En fait, j’avais surtout  choisi de  laver des vêtements  d’hiver que je voulais ranger,  puisque le ciel était prometteur depuis plusieurs semaines.

Je me postais donc devant mon armoire et  choisis avec  précaution ce qui allait  pouvoir passer dans  la machine.

Finalement, j’en avais plus que  je ne  le pensais. Mais  peu importe  mon fil d’étendage était grand.

Avec grand soin, je  pinçais donc, deux chemises à carreaux, une grosse veste polaire, deux  pantalons de  jogging, une  jupe longue que j’aimais beaucoup,  et quelques  petites  bricoles.

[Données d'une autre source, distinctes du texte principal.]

(* Let $G$ be a very well-covered graph. Then for every local maximum stable set $S\in\Psi(G)$, the induced subgraph $G[N[S]]$ is a König–Egerváry graph.
   Context: All graphs are finite, simple, undirected. For $A\subseteq V(G)$, $N(A)=\{v\in V(G)-A: N(v)\cap A\neq\emptyset\}$ and $N[A]=A\cup N(A)$; $G[X]$ is the subgraph induced by $X$. A stable set is a set of pairwise non-adjacent vertices; $\alpha(G)$ is the maximum size of a stable set, and $\mu(G)$ the maximum size of a matching. $G$ is a König–Egerváry graph if $\alpha(G)+\mu(G)=|V(G)|$. $G$ is well-covered if all its maximal stable sets have the same cardinality, and very well-covered if it is well-covered, has no isolated vertices, and $|V(G)|=2\alpha(G)$. A set $A\subseteq V(G)$ is a local maximum stable set of $G$ if $A$ is a maximum stable set of $G[N[A]]$; $\Psi(G)$ denotes the family of all local maximum stable sets of $G$. *)

theory Defs
  imports Main
begin

definition simple_graph :: "'a set \<Rightarrow> 'a set set \<Rightarrow> bool" where
  "simple_graph V E \<longleftrightarrow> finite V \<and> (\<forall>e\<in>E. e \<subseteq> V \<and> card e = 2)"

definition adj :: "'a set set \<Rightarrow> 'a \<Rightarrow> 'a \<Rightarrow> bool" where
  "adj E u v \<longleftrightarrow> {u, v} \<in> E"

definition nbhd :: "'a set \<Rightarrow> 'a set set \<Rightarrow> 'a \<Rightarrow> 'a set" where
  "nbhd V E v = {u\<in>V. adj E v u}"

definition open_nbhd_set :: "'a set \<Rightarrow> 'a set set \<Rightarrow> 'a set \<Rightarrow> 'a set" where
  "open_nbhd_set V E A = {v \<in> V - A. nbhd V E v \<inter> A \<noteq> {}}"

definition closed_nbhd_set :: "'a set \<Rightarrow> 'a set set \<Rightarrow> 'a set \<Rightarrow> 'a set" where
  "closed_nbhd_set V E A = A \<union> open_nbhd_set V E A"

definition induced_edges :: "'a set set \<Rightarrow> 'a set \<Rightarrow> 'a set set" where
  "induced_edges E X = {e \<in> E. e \<subseteq> X}"

definition stable_set :: "'a set \<Rightarrow> 'a set set \<Rightarrow> 'a set \<Rightarrow> bool" where
  "stable_set V E S \<longleftrightarrow> S \<subseteq> V \<and> (\<forall>u\<in>S. \<forall>v\<in>S. \<not> adj E u v)"

definition max_stable_set :: "'a set \<Rightarrow> 'a set set \<Rightarrow> 'a set \<Rightarrow> bool" where
  "max_stable_set V E S \<longleftrightarrow> stable_set V E S \<and>
     (\<forall>T. stable_set V E T \<longrightarrow> card T \<le> card S)"

definition maximal_stable_set :: "'a set \<Rightarrow> 'a set set \<Rightarrow> 'a set \<Rightarrow> bool" where
  "maximal_stable_set V E S \<longleftrightarrow> stable_set V E S \<and>
     (\<forall>T. stable_set V E T \<and> S \<subseteq> T \<longrightarrow> T = S)"

definition alpha :: "'a set \<Rightarrow> 'a set set \<Rightarrow> nat" where
  "alpha V E = Max (card ` {S. stable_set V E S})"

definition matching :: "'a set set \<Rightarrow> 'a set set \<Rightarrow> bool" where
  "matching E M \<longleftrightarrow> M \<subseteq> E \<and> (\<forall>e1\<in>M. \<forall>e2\<in>M. e1 \<noteq> e2 \<longrightarrow> e1 \<inter> e2 = {})"

definition mu :: "'a set set \<Rightarrow> nat" where
  "mu E = Max (card ` {M. matching E M})"

definition koenig_egervary :: "'a set \<Rightarrow> 'a set set \<Rightarrow> bool" where
  "koenig_egervary V E \<longleftrightarrow> alpha V E + mu E = card V"

definition well_covered :: "'a set \<Rightarrow> 'a set set \<Rightarrow> bool" where
  "well_covered V E \<longleftrightarrow>
     (\<forall>S T. maximal_stable_set V E S \<and> maximal_stable_set V E T \<longrightarrow> card S = card T)"

definition very_well_covered :: "'a set \<Rightarrow> 'a set set \<Rightarrow> bool" where
  "very_well_covered V E \<longleftrightarrow> well_covered V E \<and>
     (\<forall>v\<in>V. nbhd V E v \<noteq> {}) \<and> card V = 2 * alpha V E"

definition local_max_stable :: "'a set \<Rightarrow> 'a set set \<Rightarrow> 'a set \<Rightarrow> bool" where
  "local_max_stable V E A \<longleftrightarrow> A \<subseteq> V \<and>
     max_stable_set (closed_nbhd_set V E A)
       (induced_edges E (closed_nbhd_set V E A)) A"

definition Psi :: "'a set \<Rightarrow> 'a set set \<Rightarrow> 'a set set" where
  "Psi V E = {A. local_max_stable V E A}"

end

theory Submission
  imports Defs
begin
(* Let $\mathcal{I}$ be an interval hypergraph on $[n]$ containing all singletons. Then $P_{\mathcal{I}}$ is a distributive lattice if and only if $P_{\mathcal{I}}$ is isomorphic to a Cartesian product of chains.
   Context: An interval hypergraph on $[n]$ is a collection of intervals of $[n]$, by convention containing all singletons. An orientation is a map $O:\mathcal{I}\to[n]$ with $O(I)\in I$; it is acyclic if there are no $H_1,\dots,H_k$, $k\ge2$, with $O(H_{i+1})\in H_i\setminus\{O(H_i)\}$ for $i\in[k-1]$ and $O(H_1)\in H_k\setminus\{O(H_k)\}$. Orientations $O\ne O'$ are related by an increasing flip (from $O$ to $O'$) if there exist $1\le i<j\le n$ such that for all $H$: if $O(H)\ne O'(H)$ then $O(H)=i$, $O'(H)=j$; and if $\{i,j\}\subseteq H$ then $O(H)=i\iff O'(H)=j$. $P_{\mathcal{I}}$ is the transitive closure of the increasing flip relation on the acyclic orientations of $\mathcal{I}$. *)

theory Defs
  imports Main "HOL-Library.FuncSet"
begin

definition interval_hypergraph :: "nat \<Rightarrow> nat set set \<Rightarrow> bool" where
  "interval_hypergraph n I \<longleftrightarrow>
     (\<forall>H\<in>I. \<exists>a b. 1 \<le> a \<and> a \<le> b \<and> b \<le> n \<and> H = {a..b}) \<and>
     (\<forall>i\<in>{1..n}. {i} \<in> I)"
lemma std_normal_density_le_upper_tail:
  assumes "prob_space M" and Z: "distributed M lborel Z std_normal_density" and "0 \<le> x"
  shows "exp (- 3 / 2) * std_normal_density x \<le> (1 + x) * \<P>(\<omega> in M. x \<le> Z \<omega>)"
proof -
  define h where "h = 1 / (1 + x)"
  have h: "0 < h" "h \<le> 1" "h * x \<le> 1" "(1 + x) * h = 1"
    using \<open>0 \<le> x\<close> by (auto simp: h_def field_simps)
  have "exp (- 3 / 2) * std_normal_density x \<le> std_normal_density u"
    if "x \<le> u" "u \<le> x + h" for u
  proof (rule std_normal_density_ge_exp_mult)
    have "u\<^sup>2 \<le> (x + h)\<^sup>2"
      using that \<open>0 \<le> x\<close> by (intro power_mono) auto
    also have "\<dots> = x\<^sup>2 + 2 * (h * x) + h * h"
      by (simp add: power2_eq_square algebra_simps)
    also have "\<dots> \<le> x\<^sup>2 + 3"
      using h mult_le_one[of h h] by simp
    finally show "u\<^sup>2 \<le> x\<^sup>2 + 3" .
  qed
  then have "h * (exp (- 3 / 2) * std_normal_density x) \<le> \<P>(\<omega> in M. Z \<omega> \<in> {x..x + h})"
    using distributed_prob_interval_ge[OF assms(1) Z, of x "x + h"] h by simp
  also have "\<dots> \<le> \<P>(\<omega> in M. Z \<omega> \<in> {x..})"
    by (rule distributed_prob_mono[OF assms(1) Z]) auto
  finally have "(1 + x) * (h * (exp (- 3 / 2) * std_normal_density x))
      \<le> (1 + x) * \<P>(\<omega> in M. Z \<omega> \<in> {x..})"
    using \<open>0 \<le> x\<close> by (intro mult_left_mono) auto
  then show ?thesis
    using h(4) by (simp add: mult.assoc[symmetric])
qed

lemma std_normal_prob_le_nonneg_bounded_below:
  assumes "prob_space M" and Z: "distributed M lborel Z std_normal_density" and "0 \<le> x"
  shows "1 \<le> exp (1 / 2) * sqrt (2 * pi) * \<P>(\<omega> in M. Z \<omega> \<le> x)"
proof -
  have "exp (- 1 / 2) * std_normal_density 0 \<le> std_normal_density u"
    if "- 1 \<le> u" "u \<le> 0" for u :: real
    using that by (intro std_normal_density_ge_exp_mult) (simp add: abs_square_le_1)
  then have "exp (- 1 / 2) / sqrt (2 * pi) \<le> \<P>(\<omega> in M. Z \<omega> \<in> {- 1..0})"
    using distributed_prob_interval_ge[OF assms(1) Z, of "- 1" 0] by (simp add: std_normal_density_def)
  also have "\<dots> \<le> \<P>(\<omega> in M. Z \<omega> \<in> {..x})"
    using \<open>0 \<le> x\<close> by (intro distributed_prob_mono[OF assms(1) Z]) auto
  finally show ?thesis
    by (simp add: field_simps exp_minus)
qed

lemma std_normal_density_le_prob_product:
  assumes "prob_space M" and "distributed M lborel Z std_normal_density"
  shows "std_normal_density x
    \<le> exp 2 * sqrt (2 * pi) * (1 + \<bar>x\<bar>) * \<P>(\<omega> in M. Z \<omega> \<le> x) * \<P>(\<omega> in M. x \<le> Z \<omega>)"
proof -
  have nonneg_case: "std_normal_density y
      \<le> exp 2 * sqrt (2 * pi) * (1 + y) * \<P>(\<omega> in M. Y \<omega> \<le> y) * \<P>(\<omega> in M. y \<le> Y \<omega>)"
    if Y: "distributed M lborel Y std_normal_density" and "0 \<le> y" for Y y
  proof -
    let ?L = "\<P>(\<omega> in M. Y \<omega> \<le> y)" and ?R = "\<P>(\<omega> in M. y \<le> Y \<omega>)"
    have "std_normal_density y = exp (3 / 2) * (exp (- 3 / 2) * std_normal_density y)"
      by (simp add: mult.assoc[symmetric] flip: exp_add)
    also have "\<dots> \<le> exp (3 / 2) * ((1 + y) * ?R)"
      using std_normal_density_le_upper_tail[OF assms(1) Y \<open>0 \<le> y\<close>] by simp
    also have "\<dots> \<le> exp (3 / 2) * ((1 + y) * ?R) * (exp (1 / 2) * sqrt (2 * pi) * ?L)"
      using mult_left_mono[OF std_normal_prob_le_nonneg_bounded_below[OF assms(1) Y \<open>0 \<le> y\<close>],
          of "exp (3 / 2) * ((1 + y) * ?R)"] \<open>0 \<le> y\<close>
      by simp
    also have "\<dots> = exp 2 * sqrt (2 * pi) * (1 + y) * ?L * ?R"
      by (simp add: ac_simps flip: exp_add)
    finally show ?thesis .
  qed
  show ?thesis
  proof (cases "0 \<le> x")
    case True
    then show ?thesis
      using nonneg_case[OF assms(2)] by simp
  next
    case False
    then show ?thesis
      using nonneg_case[OF std_normal_distributed_uminus[OF assms], of "- x"]
      by (simp add: std_normal_density_def mult.commute[of _ "\<P>(\<omega> in M. Z \<omega> \<le> x)"] mult.assoc)
  qed
qed
lemma holder_derivs_gradient_remainder:
  assumes p: "p \<ge> 1"
  shows "\<exists>t. 0 \<le> t \<and> t \<le> 1 \<and> Dg 1 (y + w) [v] - taylor_model_deriv Dg p y (y + w) v =
    (Dg p (y + t *\<^sub>R w) (replicate (p - 1) w @ [v]) - Dg p y (replicate (p - 1) w @ [v])) / fact (p - 1)"
proof -
  define diff where "diff m s = Dg (Suc m) (y + s *\<^sub>R w) (replicate m w @ [v])" for m s
  have model: "taylor_model_deriv Dg p y (y + w) v = (\<Sum>m<p. diff m 0 / fact m)"
    unfolding taylor_model_deriv_def diff_def by simp
  show ?thesis
  proof (cases "p = 1")
    case True
    then show ?thesis
      unfolding model by (intro exI[of _ 1]) (simp add: diff_def)
  next
    case False
    then have p1: "0 < p - 1"
      using p by simp
    have ds: "\<forall>m t. m < p - 1 \<and> 0 \<le> t \<and> t \<le> 1 \<longrightarrow> DERIV (diff m) t :> diff (Suc m) t"
    proof (intro allI impI)
      fix m and t :: real
      assume that: "m < p - 1 \<and> 0 \<le> t \<and> t \<le> 1"
      have "((\<lambda>y. Dg (Suc m) y (replicate m w @ [v])) has_derivative
          (\<lambda>h. Dg (Suc (Suc m)) (y + t *\<^sub>R w) (h # replicate m w @ [v]))) (at (y + t *\<^sub>R w))"
        using holder_derivs_has_derivative[OF hd, of "Suc m" "replicate m w @ [v]" "y + t *\<^sub>R w"] that
        by (simp add: less_diff_conv)
      from has_real_derivative_along_line[OF this] show "DERIV (diff m) t :> diff (Suc m) t"
        unfolding diff_def by (simp add: replicate_app_Cons_same)
    qed
    then obtain t where t: "0 < t" "t < 1"
      "diff 0 1 = (\<Sum>m<p - 1. diff m 0 / fact m * 1 ^ m) + diff (p - 1) t / fact (p - 1) * 1 ^ (p - 1)"
      using Maclaurin[OF zero_less_one p1 refl ds] by blast
    have pS: "p = Suc (p - 1)"
      using p by simp
    have "(\<Sum>m<p. diff m 0 / fact m) = (\<Sum>m<p - 1. diff m 0 / fact m) + diff (p - 1) 0 / fact (p - 1)"
      by (subst pS) (simp only: sum.lessThan_Suc diff_Suc_1)
    moreover have "diff 0 1 = Dg 1 (y + w) [v]"
      unfolding diff_def by simp
    ultimately show ?thesis
      using t pS[symmetric] unfolding model diff_def by (intro exI[of _ t]) (simp add: diff_divide_distrib)
  qed
qed

lemma taylor_model_deriv_error:
  assumes N: "is_norm N" and p: "p \<ge> 1" and \<nu>: "\<nu> \<ge> 0" and L: "L \<ge> 0"
  shows "\<bar>Dg 1 x [v] - taylor_model_deriv Dg p y x v\<bar> \<le> L * N (x - y) powr \<nu> * N (x - y) ^ (p - 1) * N v"
proof -
  define w where "w = x - y"
  define R where "R = replicate (p - 1) w @ [v]"
  obtain t where t: "0 \<le> t" "t \<le> 1"
    and rem: "Dg 1 x [v] - taylor_model_deriv Dg p y x v = (Dg p (y + t *\<^sub>R w) R - Dg p y R) / fact (p - 1)"
    using holder_derivs_gradient_remainder[OF p, of y w v] unfolding w_def R_def by auto
  define T where "T ys = Dg p (y + t *\<^sub>R w) ys - Dg p y ys" for ys
  have "multilinear_form p T"
    unfolding multilinear_form_def T_def
  proof (intro allI impI)
    fix us vs :: "'a list"
    assume "length us + length vs + 1 = p"
    then show "linear (\<lambda>z. Dg p (y + t *\<^sub>R w) (us @ z # vs) - Dg p y (us @ z # vs))"
      using multilinear_form_linear[OF holder_derivs_multilinear[OF hd, of p]] by (intro linear_compose_sub) auto
  qed
  then have "\<bar>T R\<bar> \<le> form_norm N p T * prod_list (map N R)"
    using abs_multilinear_form_le_form_norm[OF N _ _ p, of T R] p unfolding R_def by simp
  also have "\<dots> = form_norm N p T * (N w ^ (p - 1) * N v)"
    unfolding R_def by simp
  also have "\<dots> \<le> fact (p - 1) * (L * N w powr \<nu>) * (N w ^ (p - 1) * N v)"
  proof (rule mult_right_mono)
    have "form_norm N p T / fact (p - 1) \<le> L * N (y + t *\<^sub>R w - y) powr \<nu>"
      using holder_derivs_holder[OF hd, of "y + t *\<^sub>R w" y] unfolding T_def .
    also have "N (y + t *\<^sub>R w - y) = t * N w"
      using t by (simp add: is_norm_scaleR[OF N])
    also have "L * (t * N w) powr \<nu> \<le> L * N w powr \<nu>"
      using t \<nu> L is_norm_nonneg[OF N, of w]
      by (intro mult_left_mono powr_mono2) (auto simp: mult_left_le_one_le)
    finally show "form_norm N p T \<le> fact (p - 1) * (L * N w powr \<nu>)"
      by (simp add: divide_le_eq mult.commute)
  qed (simp add: is_norm_nonneg[OF N])
  finally show ?thesis
    using rem unfolding T_def w_def by (simp add: divide_le_eq mult_ac)
qed

end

Soudain, je crus entendre  le tonnerre. Ah ! Non pas  maintenant ! Hélas, le vent s’était levé si vite que je n’eus  pas  le temps d’aller chercher  mon linge  presque sec, des grosses gouttes commençaient à tomber.

De  ma fenêtre je regardais  ces rafales qui gonflaient  mes chemises,  les  pantalons qui s’agitaient, un  véritable  ballet, là, devant  mes  yeux. Tout avait  l’air vivant, impressionnant.  De là à fantasmer, il n’y a  qu’un pas que je franchis en m’imaginant qu’il s’agissait d’une danse  rythmée par le vent  et très belle à voir : un pantalon dansait avec une chemise, une veste  s’accrochait  lourdement  à la jupe longue … 
Comme quoi notre imagination  parfois !!!